**Records provided:**
lemma sum_lin_subsets_le:
  assumes "finite M"
  shows "(\<Sum>P | P \<subseteq> M \<and> card P = p. lin P) \<le> real ((card M - 1) choose (p - 1)) * lin M"
proof -
  let ?F = "{P. P \<subseteq> M \<and> card P = p}" and ?C = "(card M - 1) choose (p - 1)"
  have "(\<Sum>P\<in>?F. lin P) = (\<Sum>i\<in>I. real (\<Sum>P\<in>?F. card (P \<inter> W i)) * a i)"
    unfolding lin_def by (subst sum.swap) (simp add: sum_distrib_right)
  also have "\<dots> \<le> (\<Sum>i\<in>I. real (card (M \<inter> W i) * ?C) * a i)"
  proof (intro sum_mono mult_right_mono a_nonneg)
    fix i show "real (\<Sum>P\<in>?F. card (P \<inter> W i)) \<le> real (card (M \<inter> W i) * ?C)"
      using sum_card_Int_subsets_le[OF assms, of "W i" p] by (simp only: of_nat_le_iff)
  qed
  also have "\<dots> = real ?C * lin M"
    unfolding lin_def sum_distrib_left by (simp add: algebra_simps)
  finally show ?thesis .
qed

lemma exists_subset_obj_gain:
  assumes "finite M" "p \<le> card M" "A \<inter> M = {}"
  shows "\<exists>P\<subseteq>M. card P = p \<and>
    psi (A \<union> M) - psi A - real ((card M - 1) choose (p - 1)) * lin M
      \<le> real (card M choose p) * (obj (A \<union> P) - obj A)"
proof -
  let ?F = "{P. P \<subseteq> M \<and> card P = p}"
  obtain P0 where "P0 \<subseteq> M" "card P0 = p"
    using obtain_subset_with_card_n[OF assms(2)] by metis
  then have "?F \<noteq> {}" by blast
  then obtain P where P: "P \<in> ?F"
    and avg: "(\<Sum>P\<in>?F. obj (A \<union> P) - obj A) \<le> real (card ?F) * (obj (A \<union> P) - obj A)"
    using ex_sum_le_card_mult[of ?F "\<lambda>P. obj (A \<union> P) - obj A"] assms(1) by auto
  have "obj (A \<union> Q) - obj A = (psi (A \<union> Q) - psi A) - lin Q" if "Q \<in> ?F" for Q
  proof -
    have "A \<inter> Q = {}" using that assms(3) by blast
    then show ?thesis using lin_Un_disjoint[of A Q] unfolding obj_def by simp
  qed
  then have "(\<Sum>P\<in>?F. obj (A \<union> P) - obj A) = (\<Sum>P\<in>?F. psi (A \<union> P) - psi A) - (\<Sum>P\<in>?F. lin P)"
    by (simp add: sum_subtractf)
  moreover have card_F: "card ?F = card M choose p" using assms(1) by (rule n_subsets)
  ultimately have "psi (A \<union> M) - psi A - real ((card M - 1) choose (p - 1)) * lin M
      \<le> real (card M choose p) * (obj (A \<union> P) - obj A)"
    using psi_increment_le_sum_subsets[OF assms(1,2), of A] sum_lin_subsets_le[OF assms(1)] avg[unfolded card_F]
    by linarith
  then show ?thesis using P by blast
qed

lemma greedy_step_gain:
  assumes "finite U" "A \<subseteq> U" "card A + p \<le> k" "k \<le> card U" "Y \<subseteq> U" "card Y \<le> k"
    and lin_le: "\<And>Z. lin Z \<le> \<gamma>"
    and S_max: "\<And>S'. S' \<subseteq> U - A \<Longrightarrow> card S' = p \<Longrightarrow> obj (A \<union> S') \<le> obj (A \<union> S)"
    and pos: "0 < psi Y - psi A - real ((k - 1) choose (p - 1)) * \<gamma>"
  shows "psi Y - psi A - real ((k - 1) choose (p - 1)) * \<gamma> \<le> real (k choose p) * (obj (A \<union> S) - obj A)"
proof -
  have fin: "finite (U - A)" using assms(1) by simp
  have "card (Y - A) \<le> card (U - A)" using assms(5) fin by (intro card_mono) auto
  moreover have "p \<le> card (U - A)"
    using assms(1-4) card_Diff_subset[of A U] finite_subset[of A U] by linarith
  ultimately obtain M where M: "Y - A \<subseteq> M" "M \<subseteq> U - A" "card M = max p (card (Y - A))"
    using exists_subset_between[of "Y - A" "max p (card (Y - A))" "U - A"] fin assms(5) by auto
  have "card (Y - A) \<le> k"
    using card_mono[of Y "Y - A"] finite_subset[OF assms(5,1)] assms(6) by auto
  then have card_M: "p \<le> card M" "card M \<le> k" using M(3) assms(3) by auto
  have "finite M" "A \<inter> M = {}" using M(2) fin finite_subset by auto
  then obtain P where P: "P \<subseteq> M" "card P = p"
    and gain: "psi (A \<union> M) - psi A - real ((card M - 1) choose (p - 1)) * lin M
      \<le> real (card M choose p) * (obj (A \<union> P) - obj A)"
    using exists_subset_obj_gain[of M A] card_M(1) by blast
  have "psi Y \<le> psi (A \<union> M)" using M(1) by (intro psi_mono) blast
  moreover have "real ((card M - 1) choose (p - 1)) * lin M \<le> real ((k - 1) choose (p - 1)) * \<gamma>"
    using card_M(2) lin_nonneg[of M] lin_le[of M]
    by (intro mult_mono) (simp_all add: binomial_right_mono)
  moreover have "obj (A \<union> P) \<le> obj (A \<union> S)" using P M(2) by (intro S_max) auto
  then have "real (card M choose p) * (obj (A \<union> P) - obj A) \<le> real (card M choose p) * (obj (A \<union> S) - obj A)"
    by (intro mult_left_mono) simp_all
  ultimately have le: "psi Y - psi A - real ((k - 1) choose (p - 1)) * \<gamma>
      \<le> real (card M choose p) * (obj (A \<union> S) - obj A)"
    using gain by linarith
  have "0 \<le> obj (A \<union> S) - obj A"
  proof (rule ccontr)
    assume "\<not> 0 \<le> obj (A \<union> S) - obj A"
    then have "real (card M choose p) * (obj (A \<union> S) - obj A) \<le> 0"
      by (intro mult_nonneg_nonpos) simp_all
    then show False using le pos by linarith
  qed
  then have "real (card M choose p) * (obj (A \<union> S) - obj A) \<le> real (k choose p) * (obj (A \<union> S) - obj A)"
    using card_M(2) by (intro mult_right_mono) (simp_all add: binomial_right_mono)
  then show ?thesis using le by linarith
qed

lemma batch_greedy_step_gain:
  assumes "finite U" "k \<le> card U" and run: "batch_greedy_run obj U p k Ts" and j: "Suc j \<le> k div p"
    and Y: "Y \<subseteq> U" "card Y \<le> k" and gamma: "\<And>Z. lin Z \<le> \<gamma>"
    and pos: "0 < psi Y - psi (Ts j) - real ((k - 1) choose (p - 1)) * \<gamma>"
  shows "psi Y - psi (Ts j) - real ((k - 1) choose (p - 1)) * \<gamma>
    \<le> real (k choose p) * (obj (Ts (Suc j)) - obj (Ts j))"
proof -
  obtain S where "S \<subseteq> U - Ts j" "card S = p" and S: "Ts (Suc j) = Ts j \<union> S"
    and S_max: "\<And>S'. S' \<subseteq> U - Ts j \<Longrightarrow> card S' = p \<Longrightarrow> obj (Ts j \<union> S') \<le> obj (Ts j \<union> S)"
    using batch_greedy_run_Suc[OF run j] by metis
  have Ts_j: "Ts j \<subseteq> U" "card (Ts j) = j * p"
    using batch_greedy_run_subset_card[OF run assms(1), of j] j by simp_all
  have "Suc j * p \<le> k div p * p" using mult_le_mono1[OF j] .
  also have "\<dots> \<le> k" by (rule div_times_less_eq_dividend)
  finally have "card (Ts j) + p \<le> k" using Ts_j(2) by simp
  from greedy_step_gain[OF assms(1) Ts_j(1) this assms(2) Y gamma S_max pos]
  show ?thesis unfolding S .
qed

text \<open>If psi Y exceeds \<Gamma> + B \<gamma> by X > 0, each of the t = k div p greedy blocks raises obj
  by at least X / (k choose p), while obj stays below \<Gamma>; since k choose p \<le> 2 t B, this bounds X.\<close>
lemma batch_greedy_bound:
  assumes "finite U" "0 < p" "p \<le> k" "k \<le> card U"
    and run: "batch_greedy_run obj U p k Ts"
    and Gamma: "psi (Ts (k div p)) \<le> \<Gamma>" and gamma: "\<And>Z. lin Z \<le> \<gamma>"
    and Y: "Y \<subseteq> U" "card Y \<le> k"
  shows "psi Y \<le> real ((k - 1) choose (p - 1)) * (3 * \<Gamma> + \<gamma>)"
proof -
  define t where "t = k div p"
  define B where "B = real ((k - 1) choose (p - 1))"
  define N where "N = real (k choose p)"
  define X where "X = psi Y - \<Gamma> - B * \<gamma>"
  have "1 \<le> t" using assms(2,3) div_le_mono[of p k p] unfolding t_def by simp
  have "1 \<le> B" using assms(3) unfolding B_def by (simp add: Suc_leI)
  have "0 \<le> \<Gamma>" using psi_nonneg Gamma by (rule order_trans)
  have psi_Ts: "psi (Ts j) \<le> \<Gamma>" if "j \<le> t" for j
    using psi_mono[OF batch_greedy_run_mono[OF run that[unfolded t_def] order_refl]] Gamma by simp
  have "X \<le> 2 * B * \<Gamma>"
  proof (cases "X \<le> 0")
    case False
    have gain: "X \<le> N * (obj (Ts (Suc j)) - obj (Ts j))" if "Suc j \<le> t" for j
      using batch_greedy_step_gain[OF assms(1,4) run that[unfolded t_def] Y gamma] False
        psi_Ts[of j] that unfolding X_def B_def N_def by simp
    have "real j * X \<le> N * obj (Ts j)" if "j \<le> t" for j
      using that
    proof (induction j)
      case 0
      then show ?case using batch_greedy_run_0[OF run] obj_empty by simp
    next
      case (Suc j)
      have "real j * X \<le> N * obj (Ts j)" "X \<le> N * (obj (Ts (Suc j)) - obj (Ts j))"
        using Suc gain[of j] by simp_all
      then show ?case by (simp add: distrib_right right_diff_distrib)
    qed
    from this[OF order_refl] have "real t * X \<le> N * obj (Ts t)" .
    also have "\<dots> \<le> N * \<Gamma>"
      using obj_le_psi[of "Ts t"] psi_Ts[of t] unfolding N_def by (intro mult_left_mono) simp_all
    also have "\<dots> \<le> (2 * real t * B) * \<Gamma>"
    proof (intro mult_right_mono \<open>0 \<le> \<Gamma>\<close>)
      show "N \<le> 2 * real t * B"
        using choose_le_twice_div_mult_choose[OF assms(2,3)] unfolding N_def B_def t_def
        by (metis of_nat_le_iff of_nat_mult of_nat_numeral)
    qed
    finally have "real t * X \<le> real t * (2 * B * \<Gamma>)" by (simp add: algebra_simps)
    then show ?thesis using \<open>1 \<le> t\<close> by simp
  next
    case True
    moreover have "0 \<le> 2 * B * \<Gamma>" using \<open>1 \<le> B\<close> \<open>0 \<le> \<Gamma>\<close> by simp
    ultimately show ?thesis by linarith
  qed
  moreover have "\<Gamma> \<le> B * \<Gamma>" using \<open>1 \<le> B\<close> \<open>0 \<le> \<Gamma>\<close> by (simp add: mult_le_cancel_right1)
  ultimately show ?thesis unfolding X_def B_def by (simp add: algebra_simps)
qed

end

lemma supermodular_on_f_sup:
  assumes "\<And>i. i < m \<Longrightarrow> supermodular_on (Vs i) (fs i)"
  shows "supermodular_on UNIV (f_sup m Vs fs S)"
  unfolding supermodular_on_def
proof (intro allI impI)
  fix A B :: "'a set"
  let ?I = "{i. i < m \<and> Vs i \<inter> S \<noteq> {}}"
  have "fs i ((S \<union> A) \<inter> Vs i) + fs i ((S \<union> B) \<inter> Vs i)
      \<le> fs i ((S \<union> (A \<union> B)) \<inter> Vs i) + fs i ((S \<union> A \<inter> B) \<inter> Vs i)" if "i \<in> ?I" for i
  proof -
    have "(S \<union> A) \<inter> Vs i \<union> (S \<union> B) \<inter> Vs i = (S \<union> (A \<union> B)) \<inter> Vs i"
      "(S \<union> A) \<inter> Vs i \<inter> ((S \<union> B) \<inter> Vs i) = (S \<union> A \<inter> B) \<inter> Vs i" by blast+
    then show ?thesis
      using supermodular_onD[OF assms, of i "(S \<union> A) \<inter> Vs i" "(S \<union> B) \<inter> Vs i"] that by simp
  qed
  then show "f_sup m Vs fs S A + f_sup m Vs fs S B
      \<le> f_sup m Vs fs S (A \<union> B) + f_sup m Vs fs S (A \<inter> B)"
    unfolding f_sup_def sum.distrib[symmetric] by (intro sum_mono) (simp add: algebra_simps)
qed

lemma f_sup_le:
  assumes "r_decomposition r V f m Vs fs" "S \<union> T \<subseteq> V"
  shows "f_sup m Vs fs S T \<le> f (S \<union> T)"
proof -
  have nn: "0 \<le> fs i X" if "i < m" "X \<subseteq> Vs i" for i X
    using assms(1) that unfolding r_decomposition_def nonneg_on_def by blast
  have "f_sup m Vs fs S T \<le> (\<Sum>i\<in>{i. i < m \<and> Vs i \<inter> S \<noteq> {}}. fs i ((S \<union> T) \<inter> Vs i))"
    unfolding f_sup_def by (intro sum_mono) (simp add: nn)
  also have "\<dots> \<le> (\<Sum>i<m. fs i ((S \<union> T) \<inter> Vs i))"
    by (intro sum_mono2) (auto simp: nn)
  also have "\<dots> = f (S \<union> T)"
    using assms unfolding r_decomposition_def by simp
  finally show ?thesis .
qed

lemma f_sup_marginal_nonzero:
  assumes "f_sup m Vs fs S X \<noteq> f_sup m Vs fs S (X - {u})"
  shows "\<exists>i<m. Vs i \<inter> S \<noteq> {} \<and> u \<in> Vs i"
proof (rule ccontr)
  assume "\<not> ?thesis"
  then have "(S \<union> X) \<inter> Vs i = (S \<union> (X - {u})) \<inter> Vs i" if "i < m" "Vs i \<inter> S \<noteq> {}" for i
    using that by blast
  then have "f_sup m Vs fs S X = f_sup m Vs fs S (X - {u})"
    unfolding f_sup_def by (intro sum.cong) simp_all
  then show False using assms by contradiction
qed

**Problem to work on:** Out of the listing above, reproduce exactly the lines from the one with "ultimately obtain M" up to and including the one with "j \<le> k div".

**Reply:**
  ultimately obtain M where M: "Y - A \<subseteq> M" "M \<subseteq> U - A" "card M = max p (card (Y - A))"
    using exists_subset_between[of "Y - A" "max p (card (Y - A))" "U - A"] fin assms(5) by auto
  have "card (Y - A) \<le> k"
    using card_mono[of Y "Y - A"] finite_subset[OF assms(5,1)] assms(6) by auto
  then have card_M: "p \<le> card M" "card M \<le> k" using M(3) assms(3) by auto
  have "finite M" "A \<inter> M = {}" using M(2) fin finite_subset by auto
  then obtain P where P: "P \<subseteq> M" "card P = p"
    and gain: "psi (A \<union> M) - psi A - real ((card M - 1) choose (p - 1)) * lin M
      \<le> real (card M choose p) * (obj (A \<union> P) - obj A)"
    using exists_subset_obj_gain[of M A] card_M(1) by blast
  have "psi Y \<le> psi (A \<union> M)" using M(1) by (intro psi_mono) blast
  moreover have "real ((card M - 1) choose (p - 1)) * lin M \<le> real ((k - 1) choose (p - 1)) * \<gamma>"
    using card_M(2) lin_nonneg[of M] lin_le[of M]
    by (intro mult_mono) (simp_all add: binomial_right_mono)
  moreover have "obj (A \<union> P) \<le> obj (A \<union> S)" using P M(2) by (intro S_max) auto
  then have "real (card M choose p) * (obj (A \<union> P) - obj A) \<le> real (card M choose p) * (obj (A \<union> S) - obj A)"
    by (intro mult_left_mono) simp_all
  ultimately have le: "psi Y - psi A - real ((k - 1) choose (p - 1)) * \<gamma>
      \<le> real (card M choose p) * (obj (A \<union> S) - obj A)"
    using gain by linarith
  have "0 \<le> obj (A \<union> S) - obj A"
  proof (rule ccontr)
    assume "\<not> 0 \<le> obj (A \<union> S) - obj A"
    then have "real (card M choose p) * (obj (A \<union> S) - obj A) \<le> 0"
      by (intro mult_nonneg_nonpos) simp_all
    then show False using le pos by linarith
  qed
  then have "real (card M choose p) * (obj (A \<union> S) - obj A) \<le> real (k choose p) * (obj (A \<union> S) - obj A)"
    using card_M(2) by (intro mult_right_mono) (simp_all add: binomial_right_mono)
  then show ?thesis using le by linarith
qed

lemma batch_greedy_step_gain:
  assumes "finite U" "k \<le> card U" and run: "batch_greedy_run obj U p k Ts" and j: "Suc j \<le> k div p"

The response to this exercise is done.